The president talking there and you heard in the piece there about all the jobs that are created, up to a million jobs. He doesn't want -- this is how it started, though. I want to just play this. This is from earlier the year. This is how many jobs President Trump said we're depending on these Middle East arm deals.


TRUMP: We're talking about over 40,000 jobs in the United States.


TAPPER: And 40,000 to 450,000 to 600,000. Now it's a million.

Obviously, these numbers don't mean anything.

VAN JONES, CNN POLITICAL COMMENTATOR: Well, obviously, we need to sell a lot more arms. Man, it's going to solve every problem we have in the academy. We just got to give more arms deal.

It is ludicrous. It's terrible. And I think part the problem that we have at this point is that he actually has real stuff he could run on. He's actually done real stuff. He could just stick with the actual facts.

When he does stuff like this stuff, way overshooting the skis, all it does is suck up more airtime for us and we have to fact-check all this stuff, which we would rather not do. We would rather talk about real stuff.

And I think it makes people who are in the middle, a lot of Republican women, college-educated women, even more disheartened with this president. So I think he's actually -- while he's trying to gin up one side of the base, which he could gin up with other ways, he's turning off others.

TAPPER: Does it matter? Do you think people care about the lies?

S.E. CUPP, CNN POLITICAL COMMENTATOR: No, not in inside the base. No, that's in evidence.

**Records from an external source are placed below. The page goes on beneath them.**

(* Let $n\ge1$, $k>\ell\ge1$ and $s\ge1$ be integers, $d=\gcd(s,n)$, and $C=\{0,s\}\subseteq\mathbb{Z}/n\mathbb{Z}$. Let $A\subseteq\mathbb{Z}/n\mathbb{Z}$ be $C$-$(k,\ell)$-sum-free and let $K=\mathrm{stab}(k *_C A)$. If $K$ does not contain the cyclic subgroup $\langle d\rangle$ of $\mathbb{Z}/n\mathbb{Z}$ generated by $d$, then $|A|\le\left\lfloor\frac{n}{k+\ell}\right\rfloor$.
   Context: For subsets $X,Y$ of an abelian group, $X+Y=\{x+y: x\in X, y\in Y\}$, and for an integer $j\ge 1$, $jX=X+\dots+X$ ($j$ copies); $0X=\{0\}$. For $A,C\subseteq \mathbb{Z}/n\mathbb{Z}$ and an integer $j\ge 1$, define $j *_C A = jA+(j-1)C$. A set $A\subseteq\mathbb{Z}/n\mathbb{Z}$ is $C$-$(k,\ell)$-sum-free if $(k *_C A)\cap(\ell *_C A)=\emptyset$. The stabilizer of $X\subseteq \mathbb{Z}/n\mathbb{Z}$ is $\mathrm{stab}(X)=\{g: g+X=X\}$. *)

theory Defs
  imports Main
begin

text \<open>Z/nZ is modelled by the residues {0..<n} of type nat, with addition mod n.\<close>

definition zmod_sumset :: "nat \<Rightarrow> nat set \<Rightarrow> nat set \<Rightarrow> nat set" where
  "zmod_sumset n X Y = {(x + y) mod n | x y. x \<in> X \<and> y \<in> Y}"

fun zmod_iter_sum :: "nat \<Rightarrow> nat \<Rightarrow> nat set \<Rightarrow> nat set" where
  "zmod_iter_sum n 0 X = {0}"
| "zmod_iter_sum n (Suc 0) X = X"
| "zmod_iter_sum n (Suc (Suc j)) X = zmod_sumset n (zmod_iter_sum n (Suc j) X) X"

definition star_C :: "nat \<Rightarrow> nat set \<Rightarrow> nat \<Rightarrow> nat set \<Rightarrow> nat set" where
  "star_C n C j A = zmod_sumset n (zmod_iter_sum n j A) (zmod_iter_sum n (j - 1) C)"

definition C_sum_free :: "nat \<Rightarrow> nat set \<Rightarrow> nat \<Rightarrow> nat \<Rightarrow> nat set \<Rightarrow> bool" where
  "C_sum_free n C k l A \<longleftrightarrow> star_C n C k A \<inter> star_C n C l A = {}"

definition zmod_stab :: "nat \<Rightarrow> nat set \<Rightarrow> nat set" where
  "zmod_stab n X = {g \<in> {0..<n}. (\<lambda>x. (g + x) mod n) ` X = X}"

definition zmod_cyclic :: "nat \<Rightarrow> nat \<Rightarrow> nat set" where
  "zmod_cyclic n d = {(i * d) mod n | i. True}"

end

theory Submission
  imports Defs
begin

text \<open>
  Let K be the stabiliser of k *_C A and T_j = j *_C A, so that T_(j+1) = T_j + (A + C).
  The stabilisers of the sets T_j + K increase with j, hence all equal K for j \<le> k, and
  Kneser's theorem gives |T_(j+1) + K| \<ge> |T_j + K| + |A + C + K| - |K|. Since K does not
  contain the subgroup generated by s, s \<notin> K, and A + C + K = V \<union> (s + V) with V = A + K
  contains a coset of K outside V; so |A + C + K| \<ge> |V| + |K| and |T_j + K| \<ge> j |V| \<ge> j |A|.
  Finally k *_C A is K-periodic, so it is disjoint from (l *_C A) + K, and the two sizes
  add up to at most n. Kneser's theorem itself is proved along the lines of DeVos, by
  induction via e-transforms and a lemma on |X| + |stab X| for unions of sets.
\<close>

lemma product_bounds_imp_sum_bound:
  fixes g a r b k d1 d2 :: nat
  assumes "g * a \<le> k * d2" "r * b \<le> k * d1"
    and "k \<le> g" "k \<le> a" "k \<le> r" "k \<le> b" "0 < k"
  shows "g + b \<le> d2 + k \<or> r + a \<le> d1 + k"
proof (rule ccontr)
  assume "\<not> ?thesis"
  then have h1: "d2 + k < g + b" and h2: "d1 + k < r + a"
    by auto
  obtain a' b' where a': "a = k + a'" and b': "b = k + b'"
    using assms(4,6) by (metis le_add_diff_inverse)
  have "k * d2 < k * (g + b')"
    using h1 b' assms(7) by simp
  with assms(1) have "g * a < k * (g + b')"
    by linarith
  then have i1: "g * a' < k * b'"
    using a' by (simp add: algebra_simps)
  have "k * d1 < k * (r + a')"
    using h2 a' assms(7) by simp
  with assms(2) have "r * b < k * (r + a')"
    by linarith
  then have i2: "r * b' < k * a'"
    using b' by (simp add: algebra_simps)
  have "(g * a') * (r * b') < (k * b') * (k * a')"
  proof -
    have "0 < k * b'"
      using i1 by linarith
    then show ?thesis
      using mult_strict_mono[OF i1 i2] by simp
  qed
  moreover have "(k * b') * (k * a') \<le> (g * a') * (r * b')"
  proof -
    have "k * k \<le> g * r"
      using assms(3,5) by (simp add: mult_le_mono)
    then have "(k * k) * (a' * b') \<le> (g * r) * (a' * b')"
      by (rule mult_right_mono) simp
    then show ?thesis
      by (simp add: algebra_simps)
  qed
  ultimately show False
    by simp
qed

lemma sum_bounds_if_product_bounds:
  fixes ga nga r nr k d1 d2 :: nat
  assumes prod: "ga * nr \<le> k * d2" "r * nga \<le> k * d1"
    and k: "0 < k" "k \<le> ga" "k \<le> nr" "r = 0 \<or> k \<le> r" "nga = 0 \<or> k \<le> nga"
  shows "ga + nga \<le> d2 + k \<or> r + nr \<le> d1 + k \<or> r + nr \<le> d2"
proof -
  consider "r = 0" | "nga = 0" | "k \<le> r" "k \<le> nga"
    using k(4,5) by blast
  then show ?thesis
  proof cases
    case 1
    have "k * nr \<le> k * d2"
      using prod(1) mult_le_mono1[OF k(2)] le_trans by blast
    then show ?thesis
      using 1 k(1) by simp
  next
    case 2
    have "k * ga \<le> k * d2"
      using prod(1) mult_le_mono2[OF k(3)] by (metis le_trans mult.commute)
    then show ?thesis
      using 2 k(1) by simp
  next
    case 3
    then show ?thesis
      using product_bounds_imp_sum_bound[OF prod k(2,3) 3 k(1)] by blast
  qed
qed
lemma pow_entries_bounded_if_spectral_radius_less_1:
  fixes A :: "real mat"
  assumes A: "A \<in> carrier_mat n n" and "spectral_radius (map_mat complex_of_real A) < 1"
  obtains K where "\<And>k i j. i < n \<Longrightarrow> j < n \<Longrightarrow> \<bar>(A ^\<^sub>m k) $$ (i,j)\<bar> \<le> K"
proof -
  have "map_mat complex_of_real A \<in> carrier_mat n n" using A by simp
  then obtain K where K: "\<And>k. norm_bound (map_mat complex_of_real A ^\<^sub>m k) K"
    using spectral_radius_jnf_norm_bound_less_1_upper_triangular assms(2) by blast
  have "\<bar>(A ^\<^sub>m k) $$ (i,j)\<bar> \<le> K" if "i < n" "j < n" for k i j
  proof -
    have "norm ((map_mat complex_of_real A ^\<^sub>m k) $$ (i,j)) \<le> K"
      using K[of k] that A unfolding norm_bound_def by simp
    also have "map_mat complex_of_real A ^\<^sub>m k = map_mat complex_of_real (A ^\<^sub>m k)"
      by (rule of_real_hom.mat_hom_pow[OF A, symmetric])
    finally show ?thesis using that A by simp
  qed
  then show thesis by (rule that)
qed

lemma abs_bilinear_form_le_if_spectral_radius_less:
  fixes M :: "real mat"
  assumes M: "M \<in> carrier_mat n n" "M\<^sup>T = M" and n: "0 < n"
    and r: "spectral_radius (map_mat complex_of_real M) < r"
  shows "\<bar>bilinear_form M n x x\<bar> \<le> r * sum_sq n x"
proof -
  have "0 \<le> spectral_radius (map_mat complex_of_real M)"
    using M n by (intro spectral_radius_nonneg[of _ n]) simp_all
  then have r0: "0 < r" using r by simp
  define A where "A = (1 / r) \<cdot>\<^sub>m M"
  have A: "A \<in> carrier_mat n n" "A\<^sup>T = A"
    unfolding A_def using M by (auto intro!: eq_matI simp: symmetric_matD)
  have "spectral_radius (map_mat complex_of_real A) = spectral_radius (map_mat complex_of_real M) / r"
    unfolding A_def map_mat_of_real_smult using M n r0
    by (subst spectral_radius_smult[of _ n]) (auto simp: norm_divide)
  then obtain K where "\<And>k i j. i < n \<Longrightarrow> j < n \<Longrightarrow> \<bar>(A ^\<^sub>m k) $$ (i,j)\<bar> \<le> K"
    using pow_entries_bounded_if_spectral_radius_less_1[OF A(1)] r r0 by auto
  then have "bilinear_form (A ^\<^sub>m k) n x x \<le> K * (\<Sum>i\<in>{0..<n}. \<bar>x i\<bar>)\<^sup>2" for k
    by (rule abs_le_D1[OF abs_bilinear_form_le_entry_bound])
  then have "\<bar>bilinear_form A n x x\<bar> \<le> sum_sq n x"
    by (rule abs_bilinear_form_le_sum_sq_if_bounded_powers[OF A])
  moreover have "bilinear_form A n x x = bilinear_form M n x x / r"
    by (simp add: A_def bilinear_form_smult_mat[OF M(1)])
  ultimately have "\<bar>bilinear_form M n x x\<bar> \<le> sum_sq n x * r"
    using r0 by (simp add: abs_divide pos_divide_le_eq)
  then show ?thesis by (simp add: mult.commute[of r])
qed
text \<open>Any two vertices of \<open>K\<^sub>m\<^sub>,\<^sub>n\<close> are adjacent or have a common neighbour.\<close>

lemma Kmn_abs_diff_le_edge_variation:
  assumes "m \<ge> 1" "n \<ge> 1" "u \<in> Kmn_V m n" "v \<in> Kmn_V m n"
  shows "\<bar>c u - c v\<bar> \<le> 2 * edge_variation (Kmn_V m n) Kmn_E c"
proof -
  let ?V = "Kmn_V m n"
  have edge: "\<bar>c x - c y\<bar> \<le> edge_variation ?V Kmn_E c"
    if "x \<in> ?V" "y \<in> ?V" "Kmn_E x y" for x y
    using finite_Kmn_V that by (rule abs_diff_le_edge_variation)
  consider "Kmn_E u v" | w where "w \<in> ?V" "Kmn_E u w" "Kmn_E w v"
  proof (cases "Kmn_E u v")
    case False
    define w :: "nat + nat" where "w = (case u of Inl _ \<Rightarrow> Inr 0 | Inr _ \<Rightarrow> Inl 0)"
    have "w \<in> ?V" "Kmn_E u w" "Kmn_E w v"
      using assms False by (auto simp: w_def Kmn_V_def split: sum.splits)
    then show thesis using that(2) by blast
  qed
  then show ?thesis
  proof cases
    case 1
    then show ?thesis using edge[OF assms(3,4)] edge_variation_nonneg[of ?V Kmn_E c] by linarith
  next
    case (2 w)
    then show ?thesis using edge[OF assms(3) 2(1,2)] edge[OF 2(1) assms(4) 2(3)] by linarith
  qed
qed

theorem theorem13:
  fixes m n :: nat and c0 :: "nat + nat \<Rightarrow> int"
  assumes "m \<ge> 1" and "n \<ge> 1"
  shows "\<exists>t p. p \<ge> 1 \<and>
           diffusion (Kmn_V m n) Kmn_E c0 (t + p) = diffusion (Kmn_V m n) Kmn_E c0 t"
  by (rule diffusion_eventually_periodic[OF finite_Kmn_V Kmn_E_sym, where D = 2])
     (simp_all add: Kmn_abs_diff_le_edge_variation[OF assms])

end
lemma alternate_diag: "alternate A \<Longrightarrow> A $ p $ p = 0"
  by (simp add: alternate_def)

lemma alternate_add_circ: "alternate A \<Longrightarrow> alternate (A + circ a b)"
  unfolding alternate_def
  by (simp add: vec_eq_iff transpose_def circ_def outer_def mult.commute add.commute)

lemma span_rows_subset_coordinate_zero:
  assumes "alternate A" and "A $ i = 0"
  shows "vec.span (rows A) \<subseteq> {w. w $ i = 0}"
proof (rule span_subset_coordinate_zero)
  have "A $ t $ i = 0" for t
    using alternate_sym[OF assms(1), of t i] assms(2) by simp
  then show "\<forall>v\<in>rows A. v $ i = 0"
    by (simp add: rows_eq_range)
qed

lemma alternate_clear_pair:
  assumes alt: "alternate A" and ij: "A $ i $ j = 1" and A': "A' = A + circ (A $ i) (A $ j)"
  shows "alternate A'" and "A' $ i = 0" and "A' $ j = 0"
    and "{t. A' $ t \<noteq> 0} \<subset> {t. A $ t \<noteq> 0}" and "rows A' \<subseteq> vec.span (rows A)"
proof -
  have row: "A' $ t = A $ t + A $ t $ i *s A $ j + A $ t $ j *s A $ i" for t
    using alternate_sym[OF alt] by (simp add: A' row_circ add.assoc)
  show "alternate A'"
    unfolding A' using alt by (rule alternate_add_circ)
  show "A' $ i = 0" and "A' $ j = 0"
    using row[of i] row[of j] ij alternate_sym[OF alt, of j i] by (simp_all add: alternate_diag[OF alt])
  moreover have "A' $ t = 0" if "A $ t = 0" for t
    using row[of t] that by simp
  moreover have "A $ i \<noteq> 0"
    using ij by (auto simp: vec_eq_iff)
  ultimately show "{t. A' $ t \<noteq> 0} \<subset> {t. A $ t \<noteq> 0}"
    by auto
  show "rows A' \<subseteq> vec.span (rows A)"
  proof
    fix w assume "w \<in> rows A'"
    then obtain t where "w = A $ t + A $ t $ i *s A $ j + A $ t $ j *s A $ i"
      by (auto simp: rows_eq_range row)
    then show "w \<in> vec.span (rows A)"
      by (simp add: vec.span_add vec.span_scale rows_span_base)
  qed
qed

lemma image_fun_upd_atLeastAtMost_Suc: "y(Suc n := a) ` {1..Suc n} = insert a (y ` {1..n})"
proof -
  have range: "{1..Suc n} = insert (Suc n) {1..n}"
    by auto
  have "y(Suc n := a) ` {1..n} = y ` {1..n}"
    by (intro image_cong) auto
  then show ?thesis
    by (simp only: range image_insert fun_upd_same)
qed

lemma lin_indep_fam_extend:
  assumes y: "lin_indep_fam y n" and zero: "\<forall>v\<in>y ` {1..n}. v $ i = 0" and a: "a $ i \<noteq> 0"
  shows "lin_indep_fam (y(Suc n := a)) (Suc n)"
proof -
  have a_span: "a \<notin> vec.span (y ` {1..n})"
    using span_subset_coordinate_zero[OF zero] a by auto
  then have a_notin: "a \<notin> y ` {1..n}"
    using vec.span_base by metis
  have range: "{1..Suc n} = insert (Suc n) {1..n}"
    by auto
  have "inj_on (y(Suc n := a)) {1..n}"
    using y unfolding lin_indep_fam_def by (subst inj_on_cong) auto
  then have "inj_on (y(Suc n := a)) {1..Suc n}"
    unfolding range inj_on_insert using a_notin by simp
  moreover have "vec.independent (y(Suc n := a) ` {1..Suc n})"
    using y vec.independent_insertI[OF a_span]
    unfolding image_fun_upd_atLeastAtMost_Suc lin_indep_fam_def by simp
  ultimately show ?thesis
    unfolding lin_indep_fam_def ..
qed

lemma lin_indep_fam_extend_pair:
  assumes y: "lin_indep_fam y n" and zero: "\<forall>v\<in>y ` {1..n}. v $ i = 0 \<and> v $ j = 0"
    and a: "a $ i = 0" "a $ j \<noteq> 0" and b: "b $ i \<noteq> 0"
  shows "lin_indep_fam (y(Suc n := a, Suc (Suc n) := b)) (Suc (Suc n))"
proof (rule lin_indep_fam_extend[where i = i])
  show "lin_indep_fam (y(Suc n := a)) (Suc n)"
    using y zero a(2) by (intro lin_indep_fam_extend[where i = j]) auto
  show "\<forall>v\<in>y(Suc n := a) ` {1..Suc n}. v $ i = 0"
    using zero a(1) by (simp add: image_fun_upd_atLeastAtMost_Suc)
qed (rule b)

TAPPER: What about the people who are the swing voters here? What about the people who maybe voted for him?


CUPP: I don't think there's such a thing.

TAPPER: You don't think they exist?

JONES: Like Snuffleupagus?

CUPP: No, I don't.

I don't think you can be undecided about President Trump or, well, I'm just waiting to see what else he says.

To Van's point, not only are there things you could run on like the economy. He could watch on immigration, but in a way that is far more logical and less fear-based then he is. Immigration is a real issue. Immigration -- illegal immigration is a problem. And there are lots of solutions he could be offering. But when someone isn't offering solutions, you know they're not interested in them. And he's not. He's running on fear.

The point of politics -- let's all remember -- is to solve problems. He's not. He wants to keep people afraid. Democrats do it, Republicans do it. It's pretty much all Trump is doing now in the final days.

AVLON: Right. I mean, but the idea of politics about is solving problems, that after elections we go about the nation's business, is unfortunately a museum piece right now.

And I think the one thing on behalf of -- attest to the existence of Snuffleupagus, as you put them, the swing voters.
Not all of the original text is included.